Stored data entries
_ _ _

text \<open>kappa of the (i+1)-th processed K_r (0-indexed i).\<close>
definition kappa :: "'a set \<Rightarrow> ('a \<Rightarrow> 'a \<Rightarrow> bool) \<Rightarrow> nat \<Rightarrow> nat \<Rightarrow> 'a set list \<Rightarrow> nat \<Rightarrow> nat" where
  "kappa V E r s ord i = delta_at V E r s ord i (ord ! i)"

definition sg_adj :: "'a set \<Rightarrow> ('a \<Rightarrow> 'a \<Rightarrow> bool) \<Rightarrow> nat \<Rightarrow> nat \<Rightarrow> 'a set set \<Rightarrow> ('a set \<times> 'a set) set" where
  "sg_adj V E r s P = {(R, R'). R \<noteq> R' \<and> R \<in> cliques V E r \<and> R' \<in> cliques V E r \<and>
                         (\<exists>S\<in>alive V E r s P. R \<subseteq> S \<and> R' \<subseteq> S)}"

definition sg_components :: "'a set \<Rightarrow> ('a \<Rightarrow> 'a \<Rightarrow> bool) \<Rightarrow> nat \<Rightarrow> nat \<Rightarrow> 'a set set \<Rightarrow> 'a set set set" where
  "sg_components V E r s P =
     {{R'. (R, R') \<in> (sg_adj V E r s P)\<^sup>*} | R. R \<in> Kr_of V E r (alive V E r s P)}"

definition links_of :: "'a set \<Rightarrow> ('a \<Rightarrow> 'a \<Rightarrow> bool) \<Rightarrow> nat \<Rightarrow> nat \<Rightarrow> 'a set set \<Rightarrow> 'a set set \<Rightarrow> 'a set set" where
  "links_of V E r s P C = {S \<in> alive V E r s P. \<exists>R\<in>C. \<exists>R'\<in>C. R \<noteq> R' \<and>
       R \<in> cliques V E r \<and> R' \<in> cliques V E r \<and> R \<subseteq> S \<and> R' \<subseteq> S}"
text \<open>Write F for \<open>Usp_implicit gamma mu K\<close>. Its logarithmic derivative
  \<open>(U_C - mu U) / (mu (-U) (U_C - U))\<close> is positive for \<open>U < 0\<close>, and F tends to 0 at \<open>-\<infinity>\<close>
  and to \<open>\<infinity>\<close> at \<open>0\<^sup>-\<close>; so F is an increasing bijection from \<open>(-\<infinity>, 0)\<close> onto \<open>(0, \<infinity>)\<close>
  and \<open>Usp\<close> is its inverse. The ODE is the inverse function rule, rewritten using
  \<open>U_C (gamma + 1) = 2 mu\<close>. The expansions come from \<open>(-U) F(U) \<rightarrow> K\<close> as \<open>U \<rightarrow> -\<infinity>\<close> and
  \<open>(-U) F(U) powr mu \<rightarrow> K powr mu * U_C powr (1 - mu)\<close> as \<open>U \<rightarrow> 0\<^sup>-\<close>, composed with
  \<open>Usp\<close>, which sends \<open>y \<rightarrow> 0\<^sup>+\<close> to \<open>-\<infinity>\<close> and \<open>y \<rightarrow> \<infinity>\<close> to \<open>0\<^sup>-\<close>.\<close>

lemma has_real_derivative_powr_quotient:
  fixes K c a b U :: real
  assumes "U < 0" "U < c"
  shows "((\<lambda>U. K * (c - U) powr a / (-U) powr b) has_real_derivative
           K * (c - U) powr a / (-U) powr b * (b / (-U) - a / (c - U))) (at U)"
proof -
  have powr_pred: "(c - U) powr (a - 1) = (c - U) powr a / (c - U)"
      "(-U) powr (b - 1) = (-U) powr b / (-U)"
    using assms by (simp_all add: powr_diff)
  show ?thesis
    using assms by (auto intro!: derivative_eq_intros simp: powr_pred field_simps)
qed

_ _ _

__Problem details__
In the entries, find the line containing "which sends \<open>y" and output it and all remaining lines exactly.

__Your solution__
  \<open>Usp\<close>, which sends \<open>y \<rightarrow> 0\<^sup>+\<close> to \<open>-\<infinity>\<close> and \<open>y \<rightarrow> \<infinity>\<close> to \<open>0\<^sup>-\<close>.\<close>

lemma has_real_derivative_powr_quotient:
  fixes K c a b U :: real
  assumes "U < 0" "U < c"
  shows "((\<lambda>U. K * (c - U) powr a / (-U) powr b) has_real_derivative
           K * (c - U) powr a / (-U) powr b * (b / (-U) - a / (c - U))) (at U)"
proof -
  have powr_pred: "(c - U) powr (a - 1) = (c - U) powr a / (c - U)"
      "(-U) powr (b - 1) = (-U) powr b / (-U)"
    using assms by (simp_all add: powr_diff)
  show ?thesis
    using assms by (auto intro!: derivative_eq_intros simp: powr_pred field_simps)
qed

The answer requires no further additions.